Work to be completed - Both the line below containing "t) \<longleftrightarrow> S" and the line containing "using assms by (simp add: team_suffix_def", along with every line between them, should be repeated exactly; no other line belongs in the answer.

Saved entries:
++++

definition ERF :: "('a, 'm) monoid_scheme \<Rightarrow> bool" where
  "ERF G \<longleftrightarrow> (\<forall>S. subgroup S G \<longrightarrow> profinitely_closed G S)"

definition central_subgroup :: "'a set \<Rightarrow> ('a, 'm) monoid_scheme \<Rightarrow> bool" where
  "central_subgroup K G \<longleftrightarrow> subgroup K G \<and>
     (\<forall>k\<in>K. \<forall>g\<in>carrier G. k \<otimes>\<^bsub>G\<^esub> g = g \<otimes>\<^bsub>G\<^esub> k)"

end

theory Submission
  imports Defs
begin

text \<open>
  Call a pair \<open>(N, M)\<close> of finite-index normal subgroups \<open>N \<lhd> A\<close>, \<open>M \<lhd> B\<close> compatible if
  \<open>M \<inter> K = \<phi> ` (H \<inter> N)\<close>. This says exactly that \<open>h N \<mapsto> \<phi> h M\<close> is well defined and
  injective on \<open>HN/N\<close>, and normality of \<open>N\<close> and \<open>M\<close> makes it a homomorphism onto \<open>KM/M\<close>.
  So indexing both families by all compatible pairs gives \<open>(H, K, \<phi>)\<close>-compatible families,
  and it remains to find enough compatible pairs.

  Every finite-index normal \<open>N\<close> has a partner \<open>M\<close> inside any finite-index \<open>F \<supseteq> K\<close>: the
  subgroup \<open>L = \<phi> ` (H \<inter> N)\<close> has finite index in \<open>K\<close>, ERF separates each of the finitely many
  other cosets of \<open>L\<close> in \<open>K\<close> from \<open>L\<close> by a finite-index subgroup, and the normal core of the
  intersection of these subgroups with \<open>F\<close> still contains \<open>L\<close>, because \<open>L\<close> is central and
  hence normal. Partners of the members of the given \<open>H\<close>-filtration make the first components
  an \<open>H\<close>-filtration and separate \<open>K - {1}\<close> from \<open>1\<close>; partners of \<open>A\<close> inside finite-index
  subgroups \<open>F \<supseteq> K\<close> avoiding a given \<open>b \<notin> K\<close> separate \<open>B - K\<close> from \<open>K\<close>.
\<close>

lemma finite_image_factor:
  assumes "finite (g ` S)" and "\<And>x y. x \<in> S \<Longrightarrow> y \<in> S \<Longrightarrow> g x = g y \<Longrightarrow> f x = f y"
  shows "finite (f ` S)"
proof -
  have "f ` S \<subseteq> (\<lambda>c. f (SOME x. x \<in> S \<and> g x = c)) ` g ` S"
  proof
    fix y assume "y \<in> f ` S"
    then obtain x where x: "x \<in> S" "y = f x" by blast
    then have "y = f (SOME x'. x' \<in> S \<and> g x' = g x)"
      by (metis (mono_tags, lifting) assms(2) someI)
    then show "y \<in> (\<lambda>c. f (SOME x. x \<in> S \<and> g x = c)) ` g ` S" using x by blast
  qed
  then show ?thesis using assms(1) finite_subset by blast
qed
theorem corollary2p6:
  fixes n :: nat
  assumes "n \<ge> 1"
  shows "bij_betw (Inv n) {M. DSM n M} {G. fo_closed n G}
       \<and> bij_betw (shE n) {G. fo_closed n G} {M. DSM n M}
       \<and> (\<forall>M. DSM n M \<longrightarrow> shE n (Inv n M) = M)
       \<and> (\<forall>G. fo_closed n G \<longrightarrow> Inv n (shE n G) = G)
       \<and> (\<forall>M1 M2. DSM n M1 \<and> DSM n M2 \<longrightarrow> (M1 \<subseteq> M2 \<longleftrightarrow> Inv n M2 \<subseteq> Inv n M1))
       \<and> (\<forall>G1 G2. fo_closed n G1 \<and> fo_closed n G2 \<longrightarrow> (G1 \<subseteq> G2 \<longleftrightarrow> shE n G2 \<subseteq> shE n G1))"
proof -
  have shE_Inv: "\<forall>M \<in> {M. DSM n M}. shE n (Inv n M) = M"
    using shE_Inv_DSM by blast
  have Inv_shE: "\<forall>G \<in> {G. fo_closed n G}. Inv n (shE n G) = G"
    using Inv_shE_fo_closed by blast
  have Inv_closed: "Inv n ` {M. DSM n M} \<subseteq> {G. fo_closed n G}"
    using fo_closed_Inv DSM_multiperm by blast
  have shE_DSM: "shE n ` {G. fo_closed n G} \<subseteq> {M. DSM n M}"
    using DSM_shE unfolding fo_closed_def by blast
  have "M1 \<subseteq> M2 \<longleftrightarrow> Inv n M2 \<subseteq> Inv n M1" if "DSM n M1" "DSM n M2" for M1 M2
    using Inv_antimono shE_antimono[of "Inv n M2" "Inv n M1"] shE_Inv_DSM that by metis
  moreover have "G1 \<subseteq> G2 \<longleftrightarrow> shE n G2 \<subseteq> shE n G1" if "fo_closed n G1" "fo_closed n G2" for G1 G2
    using shE_antimono Inv_antimono[of "shE n G2" "shE n G1"] Inv_shE_fo_closed that by metis
  ultimately show ?thesis
    using bij_betw_byWitness[OF shE_Inv Inv_shE Inv_closed shE_DSM]
      bij_betw_byWitness[OF Inv_shE shE_Inv shE_DSM Inv_closed] shE_Inv Inv_shE by blast
qed

end
lemma asat_team_union:
  assumes "v3 \<sigma> a [2] = code_team S" "v3 \<sigma> b [2] = code_team U" "v3 \<sigma> c [2] = code_team V"
  shows "asat \<sigma> (team_union a b c) \<longleftrightarrow> S = U \<union> V"
  using assms by (auto simp: team_union_def ball_dom2_2)

lemma asat_shifted:
  assumes "2 \<notin> tfv t" "3 \<notin> tfv t"
  shows "asat \<sigma> (shifted X Y t) \<longleftrightarrow>
    (\<forall>i p. [i, p] \<in> v2 \<sigma> X 2 \<longleftrightarrow> [i + evalt \<sigma> t, p] \<in> v2 \<sigma> Y 2)"
proof -
  have "evalt (\<sigma>\<lparr>v1 := (v1 \<sigma>)(2 := k, 3 := k')\<rparr>) t = evalt \<sigma> t" for k k'
    by (rule evalt_cong) (use assms in auto)
  then show ?thesis by (simp add: shifted_def)
qed

lemma eq_suffix_iff: "(\<forall>i p. p \<in> t i \<longleftrightarrow> p \<in> u (i + k)) \<longleftrightarrow> t = suffix k u"
  by (auto simp: suffix_def add.commute fun_eq_iff)

lemma asat_team_suffix:
  assumes "v3 \<sigma> a [2] = code_team S" "v3 \<sigma> b [2] = code_team U" "2 \<notin> tfv t" "3 \<notin> tfv t"
  shows "asat \<sigma> (team_suffix a b t) \<longleftrightarrow> S = tsuffix (evalt \<sigma> t) U"
proof -
  have "asat \<sigma> (team_suffix a b t) \<longleftrightarrow> (\<forall>t'. t' \<in> S \<longleftrightarrow> (\<exists>u. u \<in> U \<and> t' = suffix (evalt \<sigma> t) u))"
    using assms by (simp add: team_suffix_def ball_dom2_2 bex_dom2_2 asat_shifted eq_suffix_iff)
  also have "\<dots> \<longleftrightarrow> S = tsuffix (evalt \<sigma> t) U"
    by (auto simp: tsuffix_def)
  finally show ?thesis .
qed

lemma asat_team_singleton:
  assumes "v3 \<sigma> a [2] = code_team S" "v2 \<sigma> X 2 = code_trace t" "X \<noteq> 1"
  shows "asat \<sigma> (team_singleton a X) \<longleftrightarrow> S = {t}"
proof -
  have "asat \<sigma> (team_singleton a X) \<longleftrightarrow> (\<forall>u. u \<in> S \<longleftrightarrow> u = t)"
    using assms by (simp add: team_singleton_def ball_dom2_2 asat_shifted) (simp add: fun_eq_iff set_eq_iff)
  then show ?thesis by auto
qed

lemma asat_rebind:
  assumes "v3 \<sigma> k [2] = code_team S" "k \<noteq> 0"
  shows "asat \<sigma> (rebind k a) \<longleftrightarrow> asat (\<sigma>\<lparr>v3 := (v3 \<sigma>)(0 := (v3 \<sigma> 0)([2] := code_team S))\<rparr>) a"
  using assms by (simp add: rebind_def bex_dom3_team asat_team_eq)

lemma asat_atom_bits:
  assumes "v3 \<sigma> 0 [2] = code_team T"
  shows "asat \<sigma> (atom_bits bs) \<longleftrightarrow> (\<forall>t\<in>T. bin_val_from (v1 \<sigma> 4) bs \<in> t 0)"
  using assms
proof (induction bs arbitrary: \<sigma>)
  case Nil
  then show ?case by (auto simp: atom_var_def ball_dom2_2 bin_val_from_def)
next
  case (Cons b bs)
  then show ?case by (simp add: bit_step_def bin_val_from_def mult_2)
qed
lemma AME4_iff_perfect_tensor:
  fixes \<psi> :: "('n::finite) state4"
  shows "AME4 \<psi> \<longleftrightarrow> perfect_tensor (\<lambda>i j k l. of_nat CARD('n) * \<psi> (i, j, k, l))"
  unfolding AME4_def two_two_partitions_of_four reduced_pair_maximally_mixed_iff
  by (simp add: perfect_tensor_def fill4_def all_conj_distrib)

lemma OQLS_array_of_iff_perfect_tensor:
  "OQLS (array_of U) \<longleftrightarrow> perfect_tensor (\<lambda>i j k l. U (i, j) (k, l))"
proof -
  have entry: "array_of U i j = U (i, j)" for i j
    by (simp add: array_of_def)
  have orthonormal: "(\<forall>i j i' j'. inner2 (U (i, j)) (U (i', j')) =
      (if i = i' \<and> j = j' then 1 else 0)) \<longleftrightarrow> orthonormal_rows U"
    unfolding orthonormal_rows_iff_inner2 by (simp add: split_paired_All)
  have basis: "(\<forall>i j i' j'. inner2 (array_of U i j) (array_of U i' j') =
        (if i = i' \<and> j = j' then 1 else 0)) \<and>
      (\<forall>v. \<exists>c. v = (\<lambda>x. \<Sum>i\<in>UNIV. \<Sum>j\<in>UNIV. c i j * array_of U i j x)) \<longleftrightarrow>
      orthonormal_rows U \<and> orthonormal_rows (\<lambda>(c, d) (a, b). U (a, b) (c, d))"
  proof -
    have "(\<lambda>x m. U m x) = (\<lambda>(c, d) (a, b). U (a, b) (c, d))"
      by auto
    then show ?thesis
      unfolding entry row_span_pairs_iff orthonormal
      using orthonormal_columns_iff_rows_span[of U] by auto
  qed
  have partial_traces: "(\<forall>j k y y'. ptrace1 (array_of U j) (array_of U k) UNIV y y' =
      (if j = k \<and> y = y' then 1 else 0)) \<longleftrightarrow> orthonormal_rows (\<lambda>(a, d) (b, c). U (a, b) (c, d))"
    "(\<forall>j k x x'. ptrace2 (array_of U j) (array_of U k) UNIV x x' =
      (if j = k \<and> x = x' then 1 else 0)) \<longleftrightarrow> orthonormal_rows (\<lambda>(a, c) (b, d). U (a, b) (c, d))"
    "(\<forall>j k y y'. ptrace1 (\<lambda>i. array_of U i j) (\<lambda>i. array_of U i k) UNIV y y' =
      (if j = k \<and> y = y' then 1 else 0)) \<longleftrightarrow> orthonormal_rows (\<lambda>(b, d) (a, c). U (a, b) (c, d))"
    "(\<forall>j k x x'. ptrace2 (\<lambda>i. array_of U i j) (\<lambda>i. array_of U i k) UNIV x x' =
      (if j = k \<and> x = x' then 1 else 0)) \<longleftrightarrow> orthonormal_rows (\<lambda>(b, c) (a, d). U (a, b) (c, d))"
    unfolding orthonormal_rows_pairs_iff ptrace1_def ptrace2_def entry
    by (simp only: prod.case; blast)+
  show ?thesis
    unfolding OQLS_def all_conj_distrib conj_assoc[symmetric] basis partial_traces perfect_tensor_def
    by (simp add: conj_ac)
qed

theorem mainTheorem13:
  fixes U :: "('n::finite) mat2"
  shows "(multiunitary U \<longleftrightarrow> AME4 (state_of U))
       \<and> (multiunitary U \<longleftrightarrow> OQLS (array_of U))
       \<and> (multiunitary U \<longrightarrow> OQLS (array_of U))
       \<and> (\<forall>\<psi> :: 'n \<Rightarrow> 'n \<Rightarrow> 'n vec2. OQLS \<psi> \<longrightarrow> multiunitary (mat_of_array \<psi>))"
proof -
  have multiunitary_iff_OQLS: "multiunitary V \<longleftrightarrow> OQLS (array_of V)" for V :: "'n mat2"
    by (simp add: multiunitary_iff_perfect_tensor OQLS_array_of_iff_perfect_tensor)
  have "multiunitary U \<longleftrightarrow> AME4 (state_of U)"
    by (simp add: multiunitary_iff_perfect_tensor AME4_iff_perfect_tensor state_of_def)
  moreover have "array_of (mat_of_array \<psi>) = \<psi>" for \<psi> :: "'n \<Rightarrow> 'n \<Rightarrow> 'n vec2"
    by (simp add: array_of_def mat_of_array_def)
  ultimately show ?thesis
    using multiunitary_iff_OQLS by metis
qed

end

++++

Task answer -
  shows "asat \<sigma> (team_suffix a b t) \<longleftrightarrow> S = tsuffix (evalt \<sigma> t) U"
proof -
  have "asat \<sigma> (team_suffix a b t) \<longleftrightarrow> (\<forall>t'. t' \<in> S \<longleftrightarrow> (\<exists>u. u \<in> U \<and> t' = suffix (evalt \<sigma> t) u))"
    using assms by (simp add: team_suffix_def ball_dom2_2 bex_dom2_2 asat_shifted eq_suffix_iff)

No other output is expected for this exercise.